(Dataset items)
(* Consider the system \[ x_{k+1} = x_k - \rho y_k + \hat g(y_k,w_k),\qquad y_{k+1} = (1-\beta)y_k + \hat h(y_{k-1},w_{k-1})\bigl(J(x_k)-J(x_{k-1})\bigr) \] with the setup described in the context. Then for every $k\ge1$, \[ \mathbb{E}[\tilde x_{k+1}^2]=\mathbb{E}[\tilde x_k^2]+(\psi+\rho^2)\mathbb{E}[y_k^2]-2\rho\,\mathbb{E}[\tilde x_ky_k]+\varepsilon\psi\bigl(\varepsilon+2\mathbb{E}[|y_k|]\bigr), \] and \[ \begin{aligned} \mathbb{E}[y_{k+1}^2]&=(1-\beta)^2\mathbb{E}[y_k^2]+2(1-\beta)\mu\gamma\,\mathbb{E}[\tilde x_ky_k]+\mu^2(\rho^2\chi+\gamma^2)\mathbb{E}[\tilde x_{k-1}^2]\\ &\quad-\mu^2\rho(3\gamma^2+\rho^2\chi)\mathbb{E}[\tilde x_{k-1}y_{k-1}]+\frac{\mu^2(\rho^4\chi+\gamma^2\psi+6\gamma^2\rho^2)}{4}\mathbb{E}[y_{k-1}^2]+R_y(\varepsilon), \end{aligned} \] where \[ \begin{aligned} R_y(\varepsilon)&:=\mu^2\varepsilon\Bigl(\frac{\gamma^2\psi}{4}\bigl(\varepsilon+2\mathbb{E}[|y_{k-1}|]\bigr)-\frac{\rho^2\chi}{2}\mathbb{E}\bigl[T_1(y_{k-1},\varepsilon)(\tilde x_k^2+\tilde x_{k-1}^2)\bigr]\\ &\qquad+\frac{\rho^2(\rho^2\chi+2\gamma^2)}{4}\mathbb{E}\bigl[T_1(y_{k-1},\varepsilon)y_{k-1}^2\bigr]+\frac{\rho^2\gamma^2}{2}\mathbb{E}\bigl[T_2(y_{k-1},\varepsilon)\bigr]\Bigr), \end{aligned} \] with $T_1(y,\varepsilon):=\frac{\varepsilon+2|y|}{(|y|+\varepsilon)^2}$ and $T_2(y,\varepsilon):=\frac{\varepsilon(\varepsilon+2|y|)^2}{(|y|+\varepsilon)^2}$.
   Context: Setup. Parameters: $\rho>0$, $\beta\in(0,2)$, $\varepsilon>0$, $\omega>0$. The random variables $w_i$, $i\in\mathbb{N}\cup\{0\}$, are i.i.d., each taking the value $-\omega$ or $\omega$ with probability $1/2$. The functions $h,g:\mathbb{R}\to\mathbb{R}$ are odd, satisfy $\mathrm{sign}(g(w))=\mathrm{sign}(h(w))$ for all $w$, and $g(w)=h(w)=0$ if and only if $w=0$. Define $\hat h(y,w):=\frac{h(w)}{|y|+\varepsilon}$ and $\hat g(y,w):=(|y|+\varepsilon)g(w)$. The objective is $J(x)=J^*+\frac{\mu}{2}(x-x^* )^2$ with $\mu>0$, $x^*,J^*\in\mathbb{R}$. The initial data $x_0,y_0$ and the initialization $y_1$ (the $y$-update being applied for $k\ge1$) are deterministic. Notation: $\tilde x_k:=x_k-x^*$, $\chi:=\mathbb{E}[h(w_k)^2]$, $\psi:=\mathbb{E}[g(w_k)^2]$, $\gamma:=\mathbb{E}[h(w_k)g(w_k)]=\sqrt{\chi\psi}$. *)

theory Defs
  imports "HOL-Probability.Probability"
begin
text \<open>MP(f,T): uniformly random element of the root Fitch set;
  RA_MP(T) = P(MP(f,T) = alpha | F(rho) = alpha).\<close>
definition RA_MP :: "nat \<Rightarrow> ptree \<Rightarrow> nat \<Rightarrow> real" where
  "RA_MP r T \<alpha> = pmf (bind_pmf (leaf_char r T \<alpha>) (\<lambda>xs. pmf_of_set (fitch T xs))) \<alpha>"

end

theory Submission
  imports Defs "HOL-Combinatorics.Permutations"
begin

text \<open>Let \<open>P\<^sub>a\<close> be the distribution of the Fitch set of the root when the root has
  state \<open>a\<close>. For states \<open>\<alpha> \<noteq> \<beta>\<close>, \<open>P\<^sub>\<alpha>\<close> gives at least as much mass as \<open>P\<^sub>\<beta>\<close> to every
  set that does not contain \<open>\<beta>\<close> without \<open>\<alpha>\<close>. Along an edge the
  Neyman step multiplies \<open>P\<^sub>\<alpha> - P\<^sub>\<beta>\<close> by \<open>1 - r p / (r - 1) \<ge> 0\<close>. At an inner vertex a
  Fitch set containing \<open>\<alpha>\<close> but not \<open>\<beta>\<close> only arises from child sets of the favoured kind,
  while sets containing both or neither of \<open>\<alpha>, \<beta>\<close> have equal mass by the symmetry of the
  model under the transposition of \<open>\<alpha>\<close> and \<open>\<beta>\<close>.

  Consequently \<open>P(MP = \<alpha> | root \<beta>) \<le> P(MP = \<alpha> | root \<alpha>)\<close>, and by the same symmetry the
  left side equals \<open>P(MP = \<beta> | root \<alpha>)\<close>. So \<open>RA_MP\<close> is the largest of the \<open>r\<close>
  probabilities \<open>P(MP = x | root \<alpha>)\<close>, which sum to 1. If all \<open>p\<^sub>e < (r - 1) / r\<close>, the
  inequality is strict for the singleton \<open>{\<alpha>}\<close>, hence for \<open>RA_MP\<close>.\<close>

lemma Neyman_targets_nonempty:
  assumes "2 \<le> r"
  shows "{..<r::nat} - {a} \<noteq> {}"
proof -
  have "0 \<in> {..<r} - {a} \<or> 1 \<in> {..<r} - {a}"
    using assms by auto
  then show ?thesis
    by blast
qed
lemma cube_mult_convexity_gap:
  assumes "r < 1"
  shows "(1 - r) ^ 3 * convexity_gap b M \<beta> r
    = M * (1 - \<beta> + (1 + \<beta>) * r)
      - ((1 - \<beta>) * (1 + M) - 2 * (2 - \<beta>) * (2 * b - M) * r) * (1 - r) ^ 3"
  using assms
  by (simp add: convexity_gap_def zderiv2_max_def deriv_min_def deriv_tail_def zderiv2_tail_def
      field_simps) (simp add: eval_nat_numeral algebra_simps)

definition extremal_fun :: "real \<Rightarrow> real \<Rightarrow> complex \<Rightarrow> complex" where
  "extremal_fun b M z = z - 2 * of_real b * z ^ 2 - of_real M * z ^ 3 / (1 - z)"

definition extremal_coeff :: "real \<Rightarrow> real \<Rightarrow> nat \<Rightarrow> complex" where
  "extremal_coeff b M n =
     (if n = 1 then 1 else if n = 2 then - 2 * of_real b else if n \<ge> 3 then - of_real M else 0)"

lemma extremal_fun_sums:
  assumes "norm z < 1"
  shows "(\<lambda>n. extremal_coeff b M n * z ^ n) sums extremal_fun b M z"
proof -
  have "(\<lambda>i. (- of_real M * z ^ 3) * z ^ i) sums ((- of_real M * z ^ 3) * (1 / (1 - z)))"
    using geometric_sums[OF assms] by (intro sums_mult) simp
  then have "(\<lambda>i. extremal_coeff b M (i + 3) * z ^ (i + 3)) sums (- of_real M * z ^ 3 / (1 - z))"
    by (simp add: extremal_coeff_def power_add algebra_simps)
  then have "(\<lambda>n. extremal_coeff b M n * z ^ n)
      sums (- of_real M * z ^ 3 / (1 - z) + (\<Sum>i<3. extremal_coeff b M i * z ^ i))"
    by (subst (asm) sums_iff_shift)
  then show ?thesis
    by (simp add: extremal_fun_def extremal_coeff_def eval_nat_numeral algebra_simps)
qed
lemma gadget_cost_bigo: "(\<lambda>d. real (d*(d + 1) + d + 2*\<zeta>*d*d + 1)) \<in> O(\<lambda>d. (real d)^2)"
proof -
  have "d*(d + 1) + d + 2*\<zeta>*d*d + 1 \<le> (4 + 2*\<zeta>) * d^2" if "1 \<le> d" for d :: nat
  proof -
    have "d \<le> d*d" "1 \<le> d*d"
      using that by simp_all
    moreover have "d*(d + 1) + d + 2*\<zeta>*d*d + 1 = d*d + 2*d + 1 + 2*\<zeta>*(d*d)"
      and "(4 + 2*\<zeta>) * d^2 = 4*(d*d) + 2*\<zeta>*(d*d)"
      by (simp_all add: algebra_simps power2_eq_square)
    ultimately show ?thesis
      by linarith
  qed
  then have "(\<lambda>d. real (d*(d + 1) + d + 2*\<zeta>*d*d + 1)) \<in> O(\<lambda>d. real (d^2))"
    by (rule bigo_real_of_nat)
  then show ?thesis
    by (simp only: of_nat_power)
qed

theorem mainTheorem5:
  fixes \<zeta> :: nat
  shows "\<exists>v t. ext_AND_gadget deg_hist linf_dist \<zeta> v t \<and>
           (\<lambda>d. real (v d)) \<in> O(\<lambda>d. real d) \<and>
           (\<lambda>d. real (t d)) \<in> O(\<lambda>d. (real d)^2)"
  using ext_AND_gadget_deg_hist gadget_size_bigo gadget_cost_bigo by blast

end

---

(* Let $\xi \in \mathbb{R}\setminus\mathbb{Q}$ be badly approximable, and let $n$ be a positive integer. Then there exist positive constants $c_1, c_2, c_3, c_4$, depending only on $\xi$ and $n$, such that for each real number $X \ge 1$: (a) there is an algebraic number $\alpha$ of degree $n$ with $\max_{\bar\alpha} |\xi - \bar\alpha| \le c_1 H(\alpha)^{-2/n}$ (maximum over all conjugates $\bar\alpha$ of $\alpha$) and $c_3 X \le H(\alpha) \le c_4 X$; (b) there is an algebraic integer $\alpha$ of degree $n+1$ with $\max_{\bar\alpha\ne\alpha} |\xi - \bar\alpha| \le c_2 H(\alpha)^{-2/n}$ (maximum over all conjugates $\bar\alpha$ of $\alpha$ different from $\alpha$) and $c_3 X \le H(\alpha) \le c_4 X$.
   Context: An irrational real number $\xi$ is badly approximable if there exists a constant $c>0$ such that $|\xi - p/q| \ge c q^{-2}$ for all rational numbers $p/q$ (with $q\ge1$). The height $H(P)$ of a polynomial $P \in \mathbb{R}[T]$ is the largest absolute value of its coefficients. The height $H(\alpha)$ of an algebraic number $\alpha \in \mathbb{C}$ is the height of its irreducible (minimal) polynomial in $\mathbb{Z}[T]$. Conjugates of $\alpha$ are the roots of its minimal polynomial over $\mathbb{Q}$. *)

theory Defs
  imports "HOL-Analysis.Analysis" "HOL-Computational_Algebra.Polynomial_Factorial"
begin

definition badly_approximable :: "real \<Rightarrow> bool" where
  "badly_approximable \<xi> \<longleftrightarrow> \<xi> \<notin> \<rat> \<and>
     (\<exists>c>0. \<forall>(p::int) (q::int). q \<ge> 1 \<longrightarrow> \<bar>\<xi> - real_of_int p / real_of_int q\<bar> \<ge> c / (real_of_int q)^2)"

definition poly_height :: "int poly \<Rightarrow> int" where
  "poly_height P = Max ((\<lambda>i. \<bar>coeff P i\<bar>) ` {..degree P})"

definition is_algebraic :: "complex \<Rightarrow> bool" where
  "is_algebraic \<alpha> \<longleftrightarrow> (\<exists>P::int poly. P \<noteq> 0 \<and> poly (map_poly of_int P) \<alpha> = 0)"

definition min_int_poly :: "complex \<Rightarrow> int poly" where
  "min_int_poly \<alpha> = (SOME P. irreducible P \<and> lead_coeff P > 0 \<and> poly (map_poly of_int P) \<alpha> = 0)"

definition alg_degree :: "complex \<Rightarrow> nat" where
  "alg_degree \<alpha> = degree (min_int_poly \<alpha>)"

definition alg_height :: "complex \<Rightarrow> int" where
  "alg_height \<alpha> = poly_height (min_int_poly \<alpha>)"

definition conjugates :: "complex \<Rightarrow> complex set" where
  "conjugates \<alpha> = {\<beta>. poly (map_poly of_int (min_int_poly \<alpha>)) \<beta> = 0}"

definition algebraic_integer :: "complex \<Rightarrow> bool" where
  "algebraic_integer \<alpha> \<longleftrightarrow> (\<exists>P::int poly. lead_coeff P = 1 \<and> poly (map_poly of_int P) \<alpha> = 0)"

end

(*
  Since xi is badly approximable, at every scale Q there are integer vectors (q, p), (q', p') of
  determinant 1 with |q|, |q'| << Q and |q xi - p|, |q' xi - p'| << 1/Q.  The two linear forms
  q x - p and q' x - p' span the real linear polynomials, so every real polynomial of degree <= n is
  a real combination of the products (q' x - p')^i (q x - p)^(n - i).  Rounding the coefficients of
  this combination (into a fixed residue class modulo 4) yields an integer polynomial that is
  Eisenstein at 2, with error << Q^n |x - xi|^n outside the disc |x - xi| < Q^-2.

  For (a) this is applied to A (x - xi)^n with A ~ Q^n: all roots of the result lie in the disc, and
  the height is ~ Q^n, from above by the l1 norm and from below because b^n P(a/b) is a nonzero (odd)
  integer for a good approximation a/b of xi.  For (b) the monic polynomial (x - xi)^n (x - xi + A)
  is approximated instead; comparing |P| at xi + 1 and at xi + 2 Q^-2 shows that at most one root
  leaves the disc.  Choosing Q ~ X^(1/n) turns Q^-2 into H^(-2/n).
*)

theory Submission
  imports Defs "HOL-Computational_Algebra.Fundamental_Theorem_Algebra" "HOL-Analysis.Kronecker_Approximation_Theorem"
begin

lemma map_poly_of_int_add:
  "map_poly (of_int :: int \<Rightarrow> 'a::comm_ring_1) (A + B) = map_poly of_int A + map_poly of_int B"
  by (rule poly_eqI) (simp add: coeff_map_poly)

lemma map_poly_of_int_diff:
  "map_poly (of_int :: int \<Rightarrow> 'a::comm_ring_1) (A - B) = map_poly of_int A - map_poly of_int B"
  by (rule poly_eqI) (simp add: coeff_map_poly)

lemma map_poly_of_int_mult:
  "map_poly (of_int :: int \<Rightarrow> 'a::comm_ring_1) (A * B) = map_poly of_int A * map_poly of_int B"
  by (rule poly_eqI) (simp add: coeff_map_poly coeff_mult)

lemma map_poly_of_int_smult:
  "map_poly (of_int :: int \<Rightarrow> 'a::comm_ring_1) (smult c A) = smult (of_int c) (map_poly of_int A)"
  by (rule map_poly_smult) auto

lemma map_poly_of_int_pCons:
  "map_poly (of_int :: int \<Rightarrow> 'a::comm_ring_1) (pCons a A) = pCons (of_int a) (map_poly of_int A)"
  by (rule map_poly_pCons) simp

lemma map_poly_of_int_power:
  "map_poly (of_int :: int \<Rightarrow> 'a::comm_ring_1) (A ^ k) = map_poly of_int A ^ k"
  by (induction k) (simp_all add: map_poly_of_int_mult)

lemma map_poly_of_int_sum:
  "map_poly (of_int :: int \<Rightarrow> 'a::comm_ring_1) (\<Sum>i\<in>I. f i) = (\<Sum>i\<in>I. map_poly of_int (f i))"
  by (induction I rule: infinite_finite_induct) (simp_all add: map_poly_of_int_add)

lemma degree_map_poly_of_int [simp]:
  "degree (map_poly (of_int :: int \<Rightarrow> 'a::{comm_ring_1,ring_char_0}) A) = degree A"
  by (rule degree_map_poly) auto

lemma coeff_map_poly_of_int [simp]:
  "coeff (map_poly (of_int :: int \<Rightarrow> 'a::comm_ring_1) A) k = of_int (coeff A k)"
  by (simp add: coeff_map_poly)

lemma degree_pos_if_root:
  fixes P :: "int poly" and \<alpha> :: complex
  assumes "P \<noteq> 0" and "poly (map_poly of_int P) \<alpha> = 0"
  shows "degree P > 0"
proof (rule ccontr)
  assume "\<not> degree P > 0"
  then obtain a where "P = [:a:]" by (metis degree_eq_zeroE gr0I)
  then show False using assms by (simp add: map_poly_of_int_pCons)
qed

- _What you are asked to do_: Among the records above, find each line holding "exists" and list it.

- _Answer for the task_:
  shows "\<exists>v t. ext_AND_gadget deg_hist linf_dist \<zeta> v t \<and>
   Context: An irrational real number $\xi$ is badly approximable if there exists a constant $c>0$ such that $|\xi - p/q| \ge c q^{-2}$ for all rational numbers $p/q$ (with $q\ge1$). The height $H(P)$ of a polynomial $P \in \mathbb{R}[T]$ is the largest absolute value of its coefficients. The height $H(\alpha)$ of an algebraic number $\alpha \in \mathbb{C}$ is the height of its irreducible (minimal) polynomial in $\mathbb{Z}[T]$. Conjugates of $\alpha$ are the roots of its minimal polynomial over $\mathbb{Q}$. *)
     (\<exists>c>0. \<forall>(p::int) (q::int). q \<ge> 1 \<longrightarrow> \<bar>\<xi> - real_of_int p / real_of_int q\<bar> \<ge> c / (real_of_int q)^2)"
  "is_algebraic \<alpha> \<longleftrightarrow> (\<exists>P::int poly. P \<noteq> 0 \<and> poly (map_poly of_int P) \<alpha> = 0)"
  "algebraic_integer \<alpha> \<longleftrightarrow> (\<exists>P::int poly. lead_coeff P = 1 \<and> poly (map_poly of_int P) \<alpha> = 0)"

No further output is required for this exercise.